lemma revenue_le_of_price_revenue_le:
  assumes "0 \<le> lo" and cont: "continuous_on {lo..hi} \<gamma>"
    and \<gamma>_nonneg: "\<And>x. x \<in> {lo..hi} \<Longrightarrow> 0 \<le> \<gamma> x"
    and adm: "admissible lo hi F" and M: "\<And>p. price_revenue lo hi \<gamma> p \<le> M"
  shows "revenue lo hi \<gamma> F \<le> M"
proof -
  interpret ic_menu "{lo..hi}" "\<lambda>\<theta>. snd (F \<theta>)" "menu_price {lo..hi} F"
    by (rule admissible_ic_menu[OF assms(1) adm])
  obtain m :: nat and w p :: "nat \<Rightarrow> real" where w_nonneg: "\<And>j. j < m \<Longrightarrow> 0 \<le> w j"
    and total: "(\<Sum>j<m. w j) \<le> 1"
    and dominated: "\<And>\<theta>. \<theta> \<in> {lo..hi} \<Longrightarrow> menu_price {lo..hi} F (snd (F \<theta>))
                        \<le> (\<Sum>j<m. w j * (if p j \<le> \<theta> then p j else 0))"
    using payment_le_posted_price_lottery by blast
  define g where "g \<theta> = menu_price {lo..hi} F (snd (F \<theta>)) * \<gamma> \<theta>" for \<theta>
  define h where "h \<theta> = (\<Sum>j<m. w j * (if p j \<le> \<theta> then p j * \<gamma> \<theta> else 0))" for \<theta>
  have M_nonneg: "0 \<le> M" using M[of "hi + 1"] price_revenue_above_support[of hi "hi + 1"] by simp
  have revenue_eq: "revenue lo hi \<gamma> F = integral {lo..hi} g"
    unfolding revenue_def g_def by (rule integral_cong) (simp add: admissible_payment_eq[OF adm])
  have h_integral: "(h has_integral (\<Sum>j<m. w j * price_revenue lo hi \<gamma> (p j))) {lo..hi}"
    unfolding h_def
    by (intro has_integral_sum finite_lessThan has_integral_mult_right price_revenue_has_integral cont)
  have g_le_h: "g \<theta> \<le> h \<theta>" if \<theta>: "\<theta> \<in> {lo..hi}" for \<theta>
  proof -
    have "g \<theta> \<le> (\<Sum>j<m. w j * (if p j \<le> \<theta> then p j else 0)) * \<gamma> \<theta>"
      unfolding g_def by (rule mult_right_mono[OF dominated[OF \<theta>] \<gamma>_nonneg[OF \<theta>]])
    also have "\<dots> = h \<theta>" unfolding h_def sum_distrib_right by (rule sum.cong) auto
    finally show ?thesis .
  qed
  have "(\<Sum>j<m. w j * price_revenue lo hi \<gamma> (p j)) \<le> (\<Sum>j<m. w j) * M"
    unfolding sum_distrib_right by (rule sum_mono) (use w_nonneg M in \<open>auto intro: mult_left_mono\<close>)
  also have "\<dots> \<le> M" using total M_nonneg sum_nonneg[of "{..<m}" w] w_nonneg
    by (simp add: mult_left_le_one_le)
  finally have lottery_le: "(\<Sum>j<m. w j * price_revenue lo hi \<gamma> (p j)) \<le> M" .
  show ?thesis
  proof (cases "g integrable_on {lo..hi}")
    case True
    then have "integral {lo..hi} g \<le> integral {lo..hi} h"
      by (rule integral_le) (use h_integral g_le_h in auto)
    then show ?thesis using revenue_eq integral_unique[OF h_integral] lottery_le by linarith
  next
    case False
    then show ?thesis by (simp add: revenue_eq not_integrable_integral M_nonneg)
  qed
qed

lemma price_revenue_attains_max:
  assumes "lo \<le> hi" and cont: "continuous_on {lo..hi} \<gamma>"
    and \<gamma>_nonneg: "\<And>x. x \<in> {lo..hi} \<Longrightarrow> 0 \<le> \<gamma> x"
  obtains ps where "ps \<in> {lo..hi}" "\<And>p. price_revenue lo hi \<gamma> p \<le> price_revenue lo hi \<gamma> ps"
proof -
  have "continuous_on {lo..hi} (\<lambda>s. s * integral {s..hi} \<gamma>)"
    by (intro continuous_on_mult continuous_on_id indefinite_integral_continuous_1'
        integrable_continuous_real cont)
  then have "continuous_on {lo..hi} (price_revenue lo hi \<gamma>)"
    by (rule continuous_on_cong[THEN iffD1, rotated 2]) (auto simp: price_revenue_def max_def)
  then obtain ps where ps: "ps \<in> {lo..hi}"
    and ps_max: "\<And>s. s \<in> {lo..hi} \<Longrightarrow> price_revenue lo hi \<gamma> s \<le> price_revenue lo hi \<gamma> ps"
    using continuous_attains_sup[of "{lo..hi}" "price_revenue lo hi \<gamma>"] \<open>lo \<le> hi\<close> by auto
  have "price_revenue lo hi \<gamma> p \<le> price_revenue lo hi \<gamma> ps" for p
  proof (cases "p < lo")
    case True
    have "0 \<le> integral {lo..hi} \<gamma>"
      by (rule integral_nonneg[OF integrable_continuous_real[OF cont] \<gamma>_nonneg])
    then have "price_revenue lo hi \<gamma> p \<le> price_revenue lo hi \<gamma> lo"
      using True by (simp add: price_revenue_def max_def mult_right_mono)
    also have "\<dots> \<le> price_revenue lo hi \<gamma> ps" using ps_max \<open>lo \<le> hi\<close> by simp
    finally show ?thesis .
  next
    case False
    show ?thesis
    proof (cases "p \<le> hi")
      case True
      then show ?thesis using False ps_max by simp
    next
      case above: False
      have "price_revenue lo hi \<gamma> hi = 0"
        using \<open>lo \<le> hi\<close> integral_refl[of hi \<gamma>] by (simp add: price_revenue_def cbox_interval)
      then show ?thesis
        using ps_max[of hi] price_revenue_above_support[of hi p] above \<open>lo \<le> hi\<close> by simp
    qed
  qed
  then show ?thesis using that ps by blast
qed

lemma posted_price_admissible:
  assumes "0 \<le> p" "p \<le> hi"
  shows "admissible lo hi (posted_price p)"
proof -
  have "posted_price p ` {lo..hi} \<subseteq> {(0, 0), (p, 1)}" by (auto simp: posted_price_def)
  then have "finite (posted_price p ` {lo..hi})" by (rule finite_subset) simp
  moreover have "posted_price p ` {lo..hi} \<subseteq> {0..hi} \<times> {0..1}"
    using assms by (auto simp: posted_price_def)
  ultimately show ?thesis unfolding admissible_def by (auto simp: posted_price_def util_def)
qed

lemma revenue_posted_price:
  assumes "continuous_on {lo..hi} \<gamma>"
  shows "revenue lo hi \<gamma> (posted_price p) = price_revenue lo hi \<gamma> p"
  unfolding revenue_def
proof (rule integral_unique)
  show "((\<lambda>\<theta>. snd (posted_price p \<theta>) * fst (posted_price p \<theta>) * \<gamma> \<theta>)
          has_integral price_revenue lo hi \<gamma> p) {lo..hi}"
    using price_revenue_has_integral[OF assms, of p]
    by (rule has_integral_spike[OF negligible_sing[of p], rotated]) (auto simp: posted_price_def)
qed

theorem mainTheorem19:
  fixes lo hi :: real and \<gamma> :: "real \<Rightarrow> real"
  assumes "0 < lo" and "lo < hi"
    and "continuous_on {lo..hi} \<gamma>"
    and "\<And>x. x \<in> {lo..hi} \<Longrightarrow> \<gamma> x > 0"
    and "integral {lo..hi} \<gamma> = 1"
    and "\<And>x y. lo \<le> x \<Longrightarrow> x < y \<Longrightarrow> y < hi \<Longrightarrow>
           \<gamma> x / (1 - cdf lo \<gamma> x) \<le> \<gamma> y / (1 - cdf lo \<gamma> y)"
  shows "\<exists>Fs. admissible lo hi Fs \<and>
           (\<forall>F. admissible lo hi F \<longrightarrow> revenue lo hi \<gamma> F \<le> revenue lo hi \<gamma> Fs) \<and>
           (\<exists>\<theta>s\<in>{lo..hi}. (\<forall>\<theta>\<in>{lo..\<theta>s}. Fs \<theta> = (0, 0)) \<and>
                           (\<forall>\<theta>\<in>{\<theta>s<..hi}. Fs \<theta> = (\<theta>s, 1)))"
proof -
  have \<gamma>_nonneg: "\<And>x. x \<in> {lo..hi} \<Longrightarrow> 0 \<le> \<gamma> x" using assms(4) by (simp add: less_imp_le)
  obtain ps where ps: "ps \<in> {lo..hi}"
    and ps_max: "\<And>p. price_revenue lo hi \<gamma> p \<le> price_revenue lo hi \<gamma> ps"
    using price_revenue_attains_max[OF _ assms(3) \<gamma>_nonneg] assms(2) by auto
  have "admissible lo hi (posted_price ps)" using ps assms(1) by (intro posted_price_admissible) auto
  moreover have "revenue lo hi \<gamma> F \<le> revenue lo hi \<gamma> (posted_price ps)" if "admissible lo hi F" for F
    using revenue_le_of_price_revenue_le[OF _ assms(3) \<gamma>_nonneg that ps_max] assms(1)
    by (simp add: revenue_posted_price[OF assms(3)])
  moreover have "\<forall>\<theta>\<in>{lo..ps}. posted_price ps \<theta> = (0, 0)" "\<forall>\<theta>\<in>{ps<..hi}. posted_price ps \<theta> = (ps, 1)"
    by (auto simp: posted_price_def)
  ultimately show ?thesis using ps by blast
qed
context
  fixes Q :: "nat \<Rightarrow> nat" and E :: "nat \<Rightarrow> int"
  assumes basic: "basic_sequence Q"
    and digits: "\<And>m. m \<ge> 1 \<Longrightarrow> 0 \<le> E m \<and> E m \<le> int (Q m) - 1"
begin

private lemma Q_ge_2: "m \<ge> 1 \<Longrightarrow> real (Q m) \<ge> 2"
  using basic by (simp add: basic_sequence_def)

private lemma block_prod_pos: "block_prod Q n k > 0"
  using block_prod_ge_power[OF basic, where n=n and k=k] by (rule less_le_trans[rotated]) simp

lemma tail_term_bounds: "0 \<le> tail_term Q E n k \<and> tail_term Q E n k \<le> (1/2) ^ k"
proof
  show "0 \<le> tail_term Q E n k"
    using digits[of "n + 1 + k"] block_prod_pos[of n "Suc k"] by (simp add: tail_term_def)
  have "real_of_int (E (n + 1 + k)) \<le> real (Q (n + 1 + k))" using digits[of "n + 1 + k"] by simp
  hence "tail_term Q E n k \<le> real (Q (n + 1 + k)) / (block_prod Q n k * real (Q (n + 1 + k)))"
    using block_prod_pos[of n "Suc k"] unfolding tail_term_def block_prod_Suc
    by (intro divide_right_mono) auto
  also have "\<dots> = 1 / block_prod Q n k" using Q_ge_2[of "n + 1 + k"] by simp
  also have "\<dots> \<le> 1 / 2 ^ k"
    using block_prod_ge_power[OF basic, where n=n and k=k] block_prod_pos[of n k]
    by (intro divide_left_mono) auto
  finally show "tail_term Q E n k \<le> (1/2) ^ k" by (simp add: power_one_over)
qed

lemma tail_summable: "summable (tail_term Q E n)"
  by (rule summable_comparison_test'[where g="\<lambda>k. (1/2)^k" and N=0]) (use tail_term_bounds in auto)

lemma cantor_tail_nonneg: "0 \<le> cantor_tail Q E n"
  unfolding cantor_tail_def using tail_summable tail_term_bounds by (intro suminf_nonneg) auto

text \<open>A crude bound, refined to R_n <= 1 below.\<close>
lemma cantor_tail_le_2: "cantor_tail Q E n \<le> 2"
proof -
  have "cantor_tail Q E n \<le> (\<Sum>k. (1/2::real) ^ k)"
    unfolding cantor_tail_def using tail_summable tail_term_bounds
    by (intro suminf_le summable_geometric) auto
  also have "\<dots> = 2" by (subst suminf_geometric) auto
  finally show ?thesis .
qed

lemma cantor_tail_step:
  "cantor_tail Q E n = (real_of_int (E (n + 1)) + cantor_tail Q E (n + 1)) / real (Q (n + 1))"
proof -
  have "tail_term Q E n (Suc k) = tail_term Q E (n + 1) k / real (Q (n + 1))" for k
    unfolding tail_term_def block_prod_Suc_head[of Q n "Suc k"] by (simp add: add_ac)
  moreover have "tail_term Q E n 0 = real_of_int (E (n + 1)) / real (Q (n + 1))"
    by (simp add: tail_term_def block_prod_def)
  moreover have "suminf (tail_term Q E n) = tail_term Q E n 0 + (\<Sum>k. tail_term Q E n (Suc k))"
    using suminf_split_head[OF tail_summable[of n]] by simp
  ultimately show ?thesis
    unfolding cantor_tail_def
    using suminf_divide[OF tail_summable[of "n + 1"], of "real (Q (n + 1))"]
    by (simp add: add_divide_distrib)
qed

text \<open>Iterating the recursion improves the bound R_n <= 1 + 2^{-k} by a factor 1/2 at each
  step, whence R_n <= 1.\<close>
lemma cantor_tail_le_1: "cantor_tail Q E n \<le> 1"
proof -
  have geometric_bound: "\<forall>n. cantor_tail Q E n \<le> 1 + (1/2) ^ k" for k
  proof (induction k)
    case 0 show ?case using cantor_tail_le_2 by simp
  next
    case (Suc k)
    show ?case
    proof
      fix n
      have q: "real (Q (n + 1)) \<ge> 2" by (rule Q_ge_2) simp
      have "cantor_tail Q E n * real (Q (n + 1)) = real_of_int (E (n + 1)) + cantor_tail Q E (n + 1)"
        using q by (subst cantor_tail_step) simp
      also have "\<dots> \<le> (real (Q (n + 1)) - 1) + (1 + (1/2) ^ k)"
        using Suc digits[of "n + 1"] by (intro add_mono) auto
      also have "\<dots> \<le> (1 + (1/2) ^ Suc k) * real (Q (n + 1))"
        using q by (simp add: algebra_simps)
      finally show "cantor_tail Q E n \<le> 1 + (1/2) ^ Suc k" using q by simp
    qed
  qed
  show ?thesis
  proof (rule field_le_epsilon)
    fix e :: real assume "0 < e"
    then obtain k where "(1/2::real) ^ k < e" using real_arch_pow_inv[of e "1/2"] by auto
    moreover have "cantor_tail Q E n \<le> 1 + (1/2) ^ k" using geometric_bound by blast
    ultimately show "cantor_tail Q E n \<le> 1 + e" by linarith
  qed
qed

lemma cantor_tail_eq_1_propagates:
  assumes "cantor_tail Q E m = 1"
  shows "cantor_tail Q E (m + 1) = 1 \<and> E (m + 1) = int (Q (m + 1)) - 1"
proof -
  have "real (Q (m + 1)) \<ge> 2" by (rule Q_ge_2) simp
  hence "real (Q (m + 1)) = real_of_int (E (m + 1)) + cantor_tail Q E (m + 1)"
    using assms cantor_tail_step[of m] by (simp add: field_simps)
  moreover have "real_of_int (E (m + 1)) \<le> real (Q (m + 1)) - 1" using digits[of "m + 1"] by simp
  moreover note cantor_tail_le_1[of "m + 1"]
  ultimately show ?thesis by linarith
qed

lemma cantor_tail_less_1:
  assumes not_eventually_max: "infinite {m. m \<ge> 1 \<and> E m \<noteq> int (Q m) - 1}"
  shows "cantor_tail Q E n < 1"
proof (rule ccontr)
  assume "\<not> cantor_tail Q E n < 1"
  hence "cantor_tail Q E n = 1" using cantor_tail_le_1[of n] by simp
  have all_max: "cantor_tail Q E (n + i) = 1 \<and> E (n + i + 1) = int (Q (n + i + 1)) - 1" for i
  proof (induction i)
    case 0 show ?case using cantor_tail_eq_1_propagates \<open>cantor_tail Q E n = 1\<close> by simp
  next
    case (Suc i)
    then show ?case using cantor_tail_eq_1_propagates[of "n + i + 1"]
      cantor_tail_eq_1_propagates[of "n + i"] by simp
  qed
  have "{m. m \<ge> 1 \<and> E m \<noteq> int (Q m) - 1} \<subseteq> {..n}"
  proof
    fix m assume m: "m \<in> {m. m \<ge> 1 \<and> E m \<noteq> int (Q m) - 1}"
    show "m \<in> {..n}"
    proof (rule ccontr)
      assume "m \<notin> {..n}"
      hence "m = n + (m - n - 1) + 1" by auto
      with all_max[of "m - n - 1"] m show False by simp
    qed
  qed
  with not_eventually_max show False using finite_subset by blast
qed

lemma block_prod_times_minus_tail_Ints:
  assumes "cantor_tail Q E 0 = x - real_of_int (E 0)"
  shows "block_prod Q 0 m * x - cantor_tail Q E m \<in> \<int>"
proof (induction m)
  case 0 show ?case using assms by (simp add: block_prod_def)
next
  case (Suc m)
  then obtain z where z: "block_prod Q 0 m * x - cantor_tail Q E m = of_int z"
    by (auto elim: Ints_cases)
  have "real (Q (m + 1)) > 0" using Q_ge_2[of "m + 1"] by simp
  hence "real (Q (m + 1)) * cantor_tail Q E m - cantor_tail Q E (m + 1) = real_of_int (E (m + 1))"
    using cantor_tail_step[of m] by (simp add: field_simps)
  hence "block_prod Q 0 (Suc m) * x - cantor_tail Q E (Suc m)
         = real (Q (m + 1)) * (block_prod Q 0 m * x - cantor_tail Q E m) + real_of_int (E (m + 1))"
    unfolding block_prod_Suc by (simp add: algebra_simps)
  also have "\<dots> = of_int (int (Q (m + 1)) * z + E (m + 1))" unfolding z by simp
  finally show ?case by (metis Ints_of_int)
qed

end

lemma cantor_expansion_digits:
  assumes "cantor_expansion Q x E" "m \<ge> 1"
  shows "0 \<le> E m \<and> E m \<le> int (Q m) - 1"
  using assms by (simp add: cantor_expansion_def)

lemma cantor_tail_0:
  assumes "cantor_expansion Q x E"
  shows "cantor_tail Q E 0 = x - real_of_int (E 0)"
proof -
  have "(\<lambda>k. real_of_int (E (Suc k)) / (\<Prod>j=1..Suc k. real (Q j))) = tail_term Q E 0"
    unfolding tail_term_def block_prod_from_0 by simp
  with assms have "tail_term Q E 0 sums (x - real_of_int (E 0))"
    unfolding cantor_expansion_def by argo
  thus ?thesis unfolding cantor_tail_def by (rule sums_unique[symmetric])
qed

lemma T_Q_eq_cantor_tail:
  assumes basic: "basic_sequence Q" and expansion: "cantor_expansion Q x E"
  shows "T_Q Q n x = cantor_tail Q E n"
proof -
  note digits = cantor_expansion_digits[OF expansion]
  have "block_prod Q 0 n * x - cantor_tail Q E n \<in> \<int>"
    using block_prod_times_minus_tail_Ints[OF basic digits cantor_tail_0[OF expansion]] .
  moreover have "0 \<le> cantor_tail Q E n" "cantor_tail Q E n < 1"
    using cantor_tail_nonneg[OF basic digits] cantor_tail_less_1[OF basic digits] expansion
    by (auto simp: cantor_expansion_def)
  ultimately show ?thesis unfolding T_Q_def block_prod_from_0 frac_unique_iff by simp
qed
theorem theorem3:
  fixes P :: "'w measure" and T :: real
    and W :: "real \<Rightarrow> 'w \<Rightarrow> real^'m"
    and Uset :: "(real^'d) set"
    and b :: "real \<Rightarrow> real^'n \<Rightarrow> real^'d \<Rightarrow> real^'n"
    and \<sigma> :: "real \<Rightarrow> real^'n \<Rightarrow> real^'m^'n"
    and X :: "real^'n \<Rightarrow> (real \<Rightarrow> 'w \<Rightarrow> real^'d) \<Rightarrow> real \<Rightarrow> 'w \<Rightarrow> real^'n"
    and Lam :: "real^'n \<Rightarrow> real"
    and g :: "real \<Rightarrow> real^'n \<Rightarrow> real^'d \<Rightarrow> real"
    and x :: "real^'n"
  assumes T_pos: "0 < T"
    and BM: "brownian_motion P T W"
    and F_T: "sets P = nat_filt P W T"
    and b_cont: "continuous_on ({0..T} \<times> UNIV \<times> Uset) (\<lambda>(t,y,v). b t y v)"
    and sigma_cont: "continuous_on ({0..T} \<times> UNIV) (\<lambda>(t,y). \<sigma> t y)"
    and lin_growth: "\<exists>C1. \<forall>t\<in>{0..T}. \<forall>y. \<forall>v\<in>Uset.
                        norm (b t y v) + norm (\<sigma> t y) \<le> C1 * (1 + norm y + norm v)"
    and lipschitz: "\<exists>L. \<forall>t\<in>{0..T}. \<forall>s\<in>{0..T}. \<forall>y z. \<forall>v\<in>Uset.
                        norm (b t y v - b s z v) + norm (\<sigma> t y - \<sigma> s z) \<le> L * (\<bar>t - s\<bar> + norm (y - z))"
    and X_init: "\<And>y u \<omega>. u \<in> Uall P T Uset \<Longrightarrow> \<omega> \<in> space P \<Longrightarrow> X y u 0 \<omega> = y"
    and X_meas: "\<And>y u. u \<in> Uall P T Uset \<Longrightarrow>
                   (\<lambda>(s,\<omega>). X y u s \<omega>) \<in> borel_measurable (restrict_space lborel {0..T} \<Otimes>\<^sub>M P)"
    and X_moment: "\<And>y u. progressive P W T u \<Longrightarrow> (\<forall>s\<in>{0..T}. \<forall>\<omega>\<in>space P. u s \<omega> \<in> Uset) \<Longrightarrow>
                   (\<integral>\<^sup>+\<omega>. (\<integral>\<^sup>+s\<in>{0..T}. ennreal ((norm (u s \<omega>))\<^sup>2) \<partial>lborel) \<partial>P) < \<infinity> \<Longrightarrow>
                   (\<integral>\<^sup>+\<omega>. (SUP s\<in>{0..T}. ennreal ((norm (X y u s \<omega>))\<^sup>2)) \<partial>P) < \<infinity>"
    and Lam_meas: "Lam \<in> borel_measurable borel"
    and g_meas: "(\<lambda>(t,y,v). g t y v) \<in> borel_measurable borel"
    and Lam_growth: "\<exists>C c. \<forall>y. \<bar>Lam y\<bar> \<le> C * (1 + norm y powr c)"
    and g_growth: "\<exists>C c. \<forall>t\<in>{0..T}. \<forall>y. \<forall>v\<in>Uset. \<bar>g t y v\<bar> \<le> C * (1 + norm y powr c + norm v powr c)"
  shows "(SUP u\<in>UF P W T Uset X x. Jval P T Lam g X x u) =
           (INF h\<in>MF P W T Uset X.
              Eer P (\<lambda>\<omega>. SUP u\<in>Uall P T Uset. ereal (reward T Lam g X x u \<omega> - h u \<omega>)))
         \<and> (let V = (SUP u\<in>UF P W T Uset X x. Jval P T Lam g X x u);
                hstar = (\<lambda>u \<omega>. reward T Lam g X x u \<omega> - real_of_ereal V)
            in \<bar>V\<bar> \<noteq> \<infinity> \<longrightarrow>
               hstar \<in> MF P W T Uset X \<and>
               Eer P (\<lambda>\<omega>. SUP u\<in>Uall P T Uset. ereal (reward T Lam g X x u \<omega> - hstar u \<omega>)) =
                 (INF h\<in>MF P W T Uset X.
                    Eer P (\<lambda>\<omega>. SUP u\<in>Uall P T Uset. ereal (reward T Lam g X x u \<omega> - h u \<omega>))))"
proof -
  interpret prob_space P
    using BM by (simp add: brownian_motion_def)
  have UF_Uall: "UF P W T Uset X x \<subseteq> Uall P T Uset"
    using T_pos F_T by (intro UF_subset_Uall) auto
  have reward_meas: "reward T Lam g X x u \<in> borel_measurable P" if "u \<in> UF P W T Uset X x" for u
    using T_pos X_meas Lam_meas g_meas UF_Uall that
    by (intro reward_measurable) (auto simp: Uall_def)
  have MF: "MF P W T Uset X = penalties P (UF P W T Uset X x)"
    using X_moment by (rule MF_eq_penalties)
  show ?thesis
    unfolding Let_def Jval_def MF dual_objective_def[symmetric]
    using strong_duality[where R = "reward T Lam g X x", OF UF_Uall reward_meas]
      strong_duality_attained[where R = "reward T Lam g X x", OF UF_Uall reward_meas]
    by simp
qed
theorem corollary4p13:
  fixes q n r :: nat and t :: "nat \<Rightarrow> nat" and \<beta> :: "'a::{field,finite}"
    and \<beta>s :: "nat \<Rightarrow> 'a"
  assumes "prime_power q"
    and "card (UNIV :: 'a set) = q ^ n"
    and "1 \<le> t 1"
    and "\<forall>i. 1 \<le> i \<and> i < r \<longrightarrow> t i < t (i + 1) \<and> t i dvd t (i + 1)"
    and "\<forall>i\<in>{1..r}. t i dvd n"
    and "t r < n"
    and "\<beta> \<noteq> 0"
    and "\<forall>i\<in>{1..r}. \<beta>s i \<in> cyc \<beta> \<inter> (subfld q (t i) - {0})
            \<and> cyc (\<beta>s i) = cyc \<beta> \<inter> (subfld q (t i) - {0})"
  shows "(\<forall>i\<in>{1..r}. partial_spread q (Orb \<beta> (subfld q (t i))) (t i) UNIV)
    \<and> (\<forall>i j l. 1 \<le> i \<and> i < j \<and> j \<le> r \<and> l \<le> mord (\<beta>s j) - 1 \<longrightarrow>
          partial_spread q (Orb (\<beta>s j) (smul_set (subfld q (t i)) (\<beta> ^ l))) (t i)
            (smul_set (subfld q (t j)) (\<beta> ^ l)))"
proof -
  obtain k where k: "q = CHAR('a) ^ k" "k > 0"
    using prime_power_card_UNIV_imp_CHAR_power[OF assms(1,2)] by metis
  have subfield: "is_subfield (subfld q s :: 'a set)" for s
    using is_subfield_subfld[OF k(1) prime_CHAR_finite_field] .
  have dim: "Fq_dim q (subfld q (t i) :: 'a set) (t i)" if "i \<in> {1..r}" for i
    using Fq_dim_subfld[OF assms(2) k] assms(5) that by blast
  have flag: "subfld q (t i) \<subseteq> (subfld q (t j) :: 'a set)" if "1 \<le> i" "i \<le> j" "j \<le> r" for i j
    using that assms(4) by (intro subfld_mono dvd_chain_trans[of i j t]) auto
  show ?thesis
    using assms(7,8)
    by (auto intro!: partial_spread_Orb[OF subfield dim]
        partial_spread_Orb_smul_set[OF subfield dim subfield flag])
qed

^^^^^^^^^^^^^^^^

ACTION ITEM - From the start of the data to the line that holds "define h where", retype each line exactly, with both ends included.

TASK OUTPUT -
lemma revenue_le_of_price_revenue_le:
  assumes "0 \<le> lo" and cont: "continuous_on {lo..hi} \<gamma>"
    and \<gamma>_nonneg: "\<And>x. x \<in> {lo..hi} \<Longrightarrow> 0 \<le> \<gamma> x"
    and adm: "admissible lo hi F" and M: "\<And>p. price_revenue lo hi \<gamma> p \<le> M"
  shows "revenue lo hi \<gamma> F \<le> M"
proof -
  interpret ic_menu "{lo..hi}" "\<lambda>\<theta>. snd (F \<theta>)" "menu_price {lo..hi} F"
    by (rule admissible_ic_menu[OF assms(1) adm])
  obtain m :: nat and w p :: "nat \<Rightarrow> real" where w_nonneg: "\<And>j. j < m \<Longrightarrow> 0 \<le> w j"
    and total: "(\<Sum>j<m. w j) \<le> 1"
    and dominated: "\<And>\<theta>. \<theta> \<in> {lo..hi} \<Longrightarrow> menu_price {lo..hi} F (snd (F \<theta>))
                        \<le> (\<Sum>j<m. w j * (if p j \<le> \<theta> then p j else 0))"
    using payment_le_posted_price_lottery by blast
  define g where "g \<theta> = menu_price {lo..hi} F (snd (F \<theta>)) * \<gamma> \<theta>" for \<theta>
  define h where "h \<theta> = (\<Sum>j<m. w j * (if p j \<le> \<theta> then p j * \<gamma> \<theta> else 0))" for \<theta>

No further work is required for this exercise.